Edukacja powinna być dla tych którzy jej chcą,a czasami na nią zasługują.Tymczasem prócz wartościowych jednostek kształci się tracąc bezpowrotnie i bezproduktywnie całą masę bydła któremu edukacja jest wręcz zbędna. Osdobiście optowałbym za takim rozwiązaniem by już od Gimnazjum zastosować taki oto model: Koniec podstawówki,2 lata ciężkiej pracy(dostosowanej do wieku i możliwości,lecz nie "ulgowej"- praca ta wliczałaby się do emerytury)Ci co mają pójść dalej pójdą i będą się uczyć nie tracąc czasu sił i przeznaczanych na to środków.A dalej ten sam schemat wraz ze wzrostem bądź nico lżejszą(do wyboru)specyfiką pracy.Ci co zechą pracować będą pracować,ci ci zechcą pójść dalej,pójdą na studia.Tym sposobem zmniejszyłaby się nam liczba "Szpagatowych Inteligientów" i niepotrzebnych wydatków(o nerwach nauczycieli nie wspomnę)na ich edukację.

Odpowiedz
avatar aurorka
5 5

Kiedyś miałam przyjemność uczyć jednego "dresa" który ambitnie zaczął studiować zarządzanie:). Raz po korkach nie zapłacił i zniknął na trzy miesiące. Potem dzwoni,że muszę go nauczyć bo jutro ma kolokwium.
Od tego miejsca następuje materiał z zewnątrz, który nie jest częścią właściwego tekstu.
section \<open>Colim-acyclicity of free resolutions\<close>

lemma nat_trans_diagram_epi:
  assumes "nat_trans s1 s2 Q q G g \<pi>" and "diagram Q q" and "diagram F g"
    and "\<And>i. \<pi> i ` Q i = F i"
  shows "diagram_epi Q q F g \<pi>"
proof -
  interpret Q: diagram Q q by fact
  interpret F: diagram F g by fact
  have "\<pi> i x \<in> F i" if "x \<in> Q i" for x i
    using that assms(4)[of i] by blast
  moreover have "\<exists>x\<in>Q i. \<pi> i x = c" if "c \<in> F i" for c i
    using that by (auto simp: assms(4)[of i, symmetric])
  ultimately show ?thesis
    by unfold_locales (use assms(1,4) in \<open>auto simp: nat_trans_def lin_on_def\<close>)
qed

definition syzygy :: "(nat \<Rightarrow> 'p \<Rightarrow> 'q::zero set) \<Rightarrow> (nat \<Rightarrow> 'p \<Rightarrow> 'q \<Rightarrow> 'q) \<Rightarrow> ('p \<Rightarrow> 'q \<Rightarrow> 'm::zero)
    \<Rightarrow> nat \<Rightarrow> 'p \<Rightarrow> 'q set" where
  "syzygy Q dQ eps m =
     (case m of 0 \<Rightarrow> kernel_diagram eps (Q 0) | Suc k \<Rightarrow> kernel_diagram (dQ k) (Q (Suc k)))"
(* Let $G$ be a CGS, $s$ a state of $G$, and $\varphi$ a positive ATL/ATL$^\ast$ formula. Let $\pi_1,\pi_2:Ag\to\{\mathtt{Ir},\mathtt{IR},\mathtt{ir},\mathtt{iR}\}$ be such that $(G,\pi_1)$ and $(G,\pi_2)$ are ACGSs and $\pi_1\preceq_{Ag_\varphi}\pi_2$. If $(G,\pi_2),s\models\varphi$, then $(G,\pi_1),s\models\varphi$.
   Context: Fix a finite set $AP$ of atomic propositions. A concurrent game structure (CGS) is a tuple $G=(S,S_0,Ag,(Ac_i)_{i\in Ag},(\sim_i)_{i\in Ag},(P_i)_{i\in Ag},\Delta,\lambda)$ where $S$ is a finite set of states, $S_0\subseteq S$ initial states, $Ag=\{1,\dots,n\}$ agents, $Ac_i$ finite local actions of agent $i$, $\sim_i\subseteq S\times S$ an equivalence relation, $P_i:S\to 2^{Ac_i}$ a protocol with $P_i(s)=P_i(s')$ whenever $s\sim_i s'$, $\Delta:S\times\prod_{i\in Ag}Ac_i\to S$, and $\lambda:S\to 2^{AP}$. A path is an infinite sequence $s_0s_1\dots$ with $s_{j+1}=\Delta(s_j,\vec a_j)$ for some $\vec a_j\in\prod_iP_i(s_j)$; a history is a finite nonempty prefix of a path ($\mathrm{FPath}$ the set of histories, $\mathrm{last}(\rho)$ its last state). Histories $s_0\dots s_m$, $s'_0\dots s'_m$ are indistinguishable for $i$ if $s_j\sim_is'_j$ for all $j$. Strategy types: an $\mathtt{Ir}$-strategy of $i$ is $\theta:S\to Ac_i$ with $\theta(s)\in P_i(s)$; an $\mathtt{IR}$-strategy is $\theta:\mathrm{FPath}\to Ac_i$ with $\theta(\rho)\in P_i(\mathrm{last}(\rho))$; an $\mathtt{ir}$-strategy is an $\mathtt{Ir}$-strategy with $s\sim_is'\Rightarrow\theta(s)=\theta(s')$; an $\mathtt{iR}$-strategy is an $\mathtt{IR}$-strategy giving equal actions on histories indistinguishable for $i$. Memoryless strategies act on histories via the last state. Given a state $s$ and a strategy for every agent, the play from $s$ is the unique path $\rho$ with $\rho_0=s$, $\rho_{j+1}=\Delta(\rho_j,\vec a_j)$, $\vec a_j(i)$ the action of $i$'s strategy on $\rho_0\dots\rho_j$. An ACGS is a pair $M=(G,\pi)$ with $\pi:Ag\to\{\mathtt{Ir},\mathtt{IR},\mathtt{ir},\mathtt{iR}\}$ such that $\sim_i$ is the identity whenever $\pi(i)\in\{\mathtt{IR},\mathtt{Ir}\}$. ATL$^\ast$: state formulas $\varphi::=q\mid\neg\varphi\mid\varphi\wedge\varphi\mid\langle\langle A\rangle\rangle\phi$, path formulas $\phi::=\varphi\mid\neg\phi\mid\phi\wedge\phi\mid\mathbf X\phi\mid\phi\,\mathbf U\,\phi$, with derived $\vee$, $\mathbf F$, $\mathbf G$, $\mathbf R$ as usual and $[[A]]\phi=\neg\langle\langle A\rangle\rangle\neg\phi$; ATL is the fragment where each $\langle\langle A\rangle\rangle$ is immediately followed by $\mathbf X$, $\mathbf U$ or $\mathbf R$ applied to state formulas. Semantics over $M$: standard for atoms ($q\in\lambda(s)$), Booleans and temporal operators on paths; $M,s\models\langle\langle A\rangle\rangle\phi$ iff there is an assignment of a $\pi(i)$-strategy to each $i\in A$ such that for every assignment of a $\pi(i)$-strategy to each $i\in Ag\setminus A$, the resulting play from $s$ satisfies $\phi$. A formula $\varphi$ is positive if (1) for each occurrence of $\langle\langle A\rangle\rangle\phi$ in $\varphi$, $\phi$ is an LTL formula (a path formula whose state subformulas are atomic propositions), (2) $[[A]]\phi$ does not occur in $\varphi$, and (3) negations occur only directly in front of atomic propositions. $Ag_\varphi$ is the set of agents appearing in $\varphi$. For $A\subseteq Ag$, $\pi_1\preceq_A\pi_2$ ($\pi_1$ coarser than $\pi_2$ w.r.t. $A$) means $\pi_1(i)=\pi_2(i)$ for all $i\in A$ and for every $j\in Ag\setminus A$ one of: $\pi_1(j)=\mathtt{IR}$ and $\pi_2(j)=\mathtt{IR}$; $\pi_1(j)=\mathtt{Ir}$ and $\pi_2(j)\in\{\mathtt{IR},\mathtt{Ir}\}$; $\pi_1(j)=\mathtt{iR}$ and $\pi_2(j)\in\{\mathtt{IR},\mathtt{iR}\}$; $\pi_1(j)=\mathtt{ir}$ (and $\pi_2(j)$ arbitrary). *)

theory Defs
  imports Main
begin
Mówię, że ok ale z góry płaci za dziś i za poprzedni raz. Powiedział mi, że tyle nie ma, że przywiezie jutro:) No to kazałam mu zostawić prawo jazdy i dowód rejestracyjny z auta:P Zgłosił się po nie po 2tygodniach:)

Odpowiedz
avatar Jack_Strong
3 3

"Matury w owym roku wypadły zaraz po weekendzie majowym." Przecież zawsze są zaraz po weekendzie majowym. Jeżeli 4 maja nie jest sobotą lub niedzielą w danym roku to tego dnia jest egzamin z polskiego - pierwszy dzień matur ;)

Odpowiedz
avatar oneide
1 3

Udzielam również korepetycji i nie wiem czy miałabym tak miękkie serce jak ty... Gdyby ktoś nawet nie poinformował mnie ze chce odwołać zajęcia, zapewne już więcej byśmy się nie spotkali na zajęciach... Moja znajoma znalazła dobrą metodę na osoby którym zdarzało się nie przychodzić albo "zapomnieć pieniędzy"- opłatę przyjmowała z góry :).